If s[i] == ‘E’, Alice summons an Earth Golem.
Bob’s sequence of moves is unknown, but it is guaranteed that Bob will never summon the same creature in two consecutive rounds. Bob beats Alice if the total number of points awarded to Bob after n rounds is strictly greater than the points awarded to Alice.
Return the number of distinct sequences Bob can use to beat Alice.
Since the answer may be very large, return it modulo 109 + 7.
Input: s = “FFF”
Output: 3
Explanation:
Bob can beat Alice by making one of the following sequences of moves: “WFW”, “FWF”, or “WEW”. Note that other winning sequences like “WWE” or “EWW” are invalid since Bob cannot make the same move twice in a row.
Example 2:
Input: s = “FWEFW”
Output: 18
Explanation:
Bob can beat Alice by making one of the following sequences of moves: “FWFWF”, “FWFWE”, “FWEFE”, “FWEWE”, “FEFWF”, “FEFWE”, “FEFEW”, “FEWFE”, “WFEFE”, “WFEWE”, “WEFWF”, “WEFWE”, “WEFEF”, “WEFEW”, “WEWFW”, “WEWFE”, “EWFWE”, or “EWEWE”.
Constraints:
1 <= s.length <= 1000
s[i] is one of 'F', 'W', or 'E'.
Complexity Analysis
Time Complexity: O(3n^2) = O(n^2)
Space Complexity: O(3n^2) = O(n^2)
3320. Count The Number of Winning Sequences LeetCode Solution in C++
class Solution {
public:
int countWinningSequences(string s) {
vector<vector<vector<int>>> mem(
s.length(), vector<vector<int>>(3, vector<int>(2 * s.length(), -1)));
const long ans = count(s, 0, 0, 0, mem) + count(s, 0, 1, 0, mem) +
count(s, 0, 2, 0, mem);
return (ans / 2) % kMod;
}
private:
static constexpr int kMod = 1'000'000'007;
// Returns the number of distinct sequences Bob can use to beat Alice for
// s[i..n), where the previous character is `prev` (0: F, 1: W, 2: E) and the
// number of points that Bob is having is `bob`.

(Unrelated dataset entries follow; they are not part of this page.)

lemma fora_abs_error_tail:
  assumes "finite V" "0 < \<omega>" "0 < r_sum V st" "0 < lam" and invariant: "fp_invariant V N \<alpha> s st"
  shows "measure_pmf.prob (fora_pmf V N \<alpha> \<omega> st) {est. \<bar>ppr N \<alpha> s t - est t\<bar> \<ge> lam}
           \<le> 2 * exp (- (lam^2 * \<omega>) / (r_sum V st * (2 * ppr N \<alpha> s t + 2 * lam / 3)))"
proof -
  define W where "W = fora_walks V \<omega> st"
  define K where "K w = fora_increment V \<omega> st (fst w)" for w :: "'a \<times> nat"
  define Y where "Y w x = K w * pmf (rwr_pmf N \<alpha> (fst w)) t - (if x = t then K w else 0)" for w x
  define b where "b = r_sum V st / \<omega>"
  have residue: "0 \<le> snd st v" and "0 \<le> fst st t"
    and ppr_eq: "fst st t + (\<Sum>v\<in>V. snd st v * ppr N \<alpha> v t) = ppr N \<alpha> s t" for v
    using invariant by (auto simp: fp_invariant_def)
  have "0 < b"
    using assms(2,3) by (simp add: b_def)
  have K: "0 \<le> K w" "K w \<le> b" for w
    using assms(2,3) residue fora_increment_le[OF assms(3,2) residue]
    by (simp_all add: K_def b_def fora_increment_eq)
  have "measure_pmf.prob (fora_pmf V N \<alpha> \<omega> st) {est. \<bar>ppr N \<alpha> s t - est t\<bar> \<ge> lam}
          = measure_pmf.prob (Pi_pmf W undefined (\<lambda>w. rwr_pmf N \<alpha> (fst w))) {f. lam \<le> \<bar>\<Sum>w\<in>W. Y w (f w)\<bar>}"
    unfolding prob_fora_error_eq_Pi_pmf[OF assms(1-3) invariant] W_def Y_def K_def ..
  also have "\<dots> \<le> 2 * exp (- (lam^2) / (2 * (b * ppr N \<alpha> s t + b * lam / 3)))"
  proof (rule bernstein_abs_Pi_pmf)
    show "finite W"
      using assms(1) by (simp add: W_def finite_fora_walks)
    show "\<bar>Y w x\<bar> \<le> b" for w x
      unfolding Y_def using abs_centered_indicator_le[OF K(1)] K(2) by (rule order_trans)
    show "measure_pmf.expectation (rwr_pmf N \<alpha> (fst w)) (Y w) = 0" for w
      unfolding Y_def[abs_def] by (rule expectation_centered_indicator)
    have "(\<Sum>w\<in>W. measure_pmf.expectation (rwr_pmf N \<alpha> (fst w)) (\<lambda>x. (Y w x)^2))
            \<le> (\<Sum>w\<in>W. b * (K w * pmf (rwr_pmf N \<alpha> (fst w)) t))"
      unfolding Y_def using K by (intro sum_mono expectation_centered_indicator_squared_le)
    also have "\<dots> = b * (ppr N \<alpha> s t - fst st t)"
      using sum_fora_walks_increment[OF assms(1,3,2) residue, of "\<lambda>v. ppr N \<alpha> v t"] ppr_eq
      by (simp add: sum_distrib_left[symmetric] W_def K_def ppr_def)
    also have "\<dots> \<le> b * ppr N \<alpha> s t"
      using \<open>0 \<le> fst st t\<close> \<open>0 < b\<close> by (simp add: algebra_simps)
    finally show "(\<Sum>w\<in>W. measure_pmf.expectation (rwr_pmf N \<alpha> (fst w)) (\<lambda>x. (Y w x)^2))
                    \<le> b * ppr N \<alpha> s t" .
  qed (use \<open>0 < b\<close> assms(4) in auto)
  also have "- (lam^2) / (2 * (b * ppr N \<alpha> s t + b * lam / 3))
               = - (lam^2 * \<omega>) / (r_sum V st * (2 * ppr N \<alpha> s t + 2 * lam / 3))"
    using assms(2) by (simp add: b_def field_simps)
  finally show ?thesis .
qed

lemma fora_rel_error_tail:
  assumes "finite V" "0 < \<omega>" "0 < r_sum V st" "0 < \<epsilon>" and invariant: "fp_invariant V N \<alpha> s st"
  shows "measure_pmf.prob (fora_pmf V N \<alpha> \<omega> st) {est. \<bar>ppr N \<alpha> s t - est t\<bar> \<ge> \<epsilon> * ppr N \<alpha> s t}
           \<le> 2 * exp (- (\<epsilon>^2 * \<omega> * ppr N \<alpha> s t) / (r_sum V st * (2 + 2 * \<epsilon> / 3)))"
proof (cases "ppr N \<alpha> s t = 0")
  case True
  then show ?thesis
    using measure_pmf.prob_le_1[of "fora_pmf V N \<alpha> \<omega> st"] by (simp add: order_trans[of _ 1 2])
next
  case False
  let ?\<pi> = "ppr N \<alpha> s t"
  have "0 < ?\<pi>"
    using False by (simp add: ppr_def order_less_le)
  have "(\<epsilon> * ?\<pi>)^2 * \<omega> / (r_sum V st * (2 * ?\<pi> + 2 * (\<epsilon> * ?\<pi>) / 3))
          = (?\<pi> * (\<epsilon>^2 * \<omega> * ?\<pi>)) / (?\<pi> * (r_sum V st * (2 + 2 * \<epsilon> / 3)))"
    by (simp add: power2_eq_square algebra_simps)
  also have "\<dots> = \<epsilon>^2 * \<omega> * ?\<pi> / (r_sum V st * (2 + 2 * \<epsilon> / 3))"
    using \<open>0 < ?\<pi>\<close> by simp
  finally show ?thesis
    using fora_abs_error_tail[OF assms(1-3) _ invariant, where t = t and lam = "\<epsilon> * ?\<pi>"] \<open>0 < ?\<pi>\<close> assms(4)
    by simp
qed

theorem lemma3p2:
  fixes V :: "'a set" and N :: "'a \<Rightarrow> 'a set"
    and \<alpha> rmax \<omega> \<epsilon> lam :: real and s t :: 'a and st :: "'a fp_state"
  assumes "digraph_ok V N"
    and "0 < \<alpha>" and "\<alpha> < 1"
    and "s \<in> V" and "rmax > 0" and "\<omega> > 0"
    and "forward_push_output V N \<alpha> rmax s st"
    and "t \<in> V" and "\<epsilon> > 0" and "lam > 0"
  shows "(measure_pmf.prob (fora_pmf V N \<alpha> \<omega> st)
           {est. \<bar>ppr N \<alpha> s t - est t\<bar> \<ge> \<epsilon> * ppr N \<alpha> s t}
         \<le> 2 * exp (- (\<epsilon>^2 * \<omega> * ppr N \<alpha> s t) / (r_sum V st * (2 + 2 * \<epsilon> / 3))))
       \<and> (measure_pmf.prob (fora_pmf V N \<alpha> \<omega> st)
           {est. \<bar>ppr N \<alpha> s t - est t\<bar> \<ge> lam}
         \<le> 2 * exp (- (lam^2 * \<omega>) / (r_sum V st * (2 * ppr N \<alpha> s t + 2 * lam / 3))))"
proof -
  have "finite V"
    using assms(1) by (simp add: digraph_ok_def)
  have "fp_steps V N \<alpha> rmax (fp_init s) st"
    using assms(7) by (simp add: forward_push_output_def)
  then have invariant: "fp_invariant V N \<alpha> s st"
    using assms(1-3) fp_invariant_init[OF \<open>finite V\<close> assms(4)] by (simp add: fp_invariant_steps)
  then have "0 \<le> r_sum V st"
    by (simp add: r_sum_def fp_invariant_def sum_nonneg)
  show ?thesis
  proof (cases "r_sum V st = 0")
    case True
    \<comment> \<open>no residue is left: both bounds read \<open>2 * exp 0\<close>, since \<open>x / 0 = 0\<close>\<close>
    then show ?thesis
      using measure_pmf.prob_le_1[of "fora_pmf V N \<alpha> \<omega> st"] by (simp add: order_trans[of _ 1 2])
  next
    case False
    then have "0 < r_sum V st"
      using \<open>0 \<le> r_sum V st\<close> by simp
    then show ?thesis
      using fora_rel_error_tail[OF \<open>finite V\<close> assms(6) \<open>0 < r_sum V st\<close> assms(9) invariant]
        fora_abs_error_tail[OF \<open>finite V\<close> assms(6) \<open>0 < r_sum V st\<close> assms(10) invariant]
      by (intro conjI)
  qed
qed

long count(const string& s, int i, int prev, int bob,
vector<vector<vector<int>>>& mem) {
if (i == s.length())
return bob > 0 ? 1 : 0;
// Map [-s.length(), s.length() - 1] to [0, 2 * s.length() - 1].
int& res = mem[i][prev][bob + s.length()];
if (res != -1)
return res;
long f = 0; // If Bob summons a Fire Dragon at i.
long w = 0; // If Bob summons a Water Serpent at i.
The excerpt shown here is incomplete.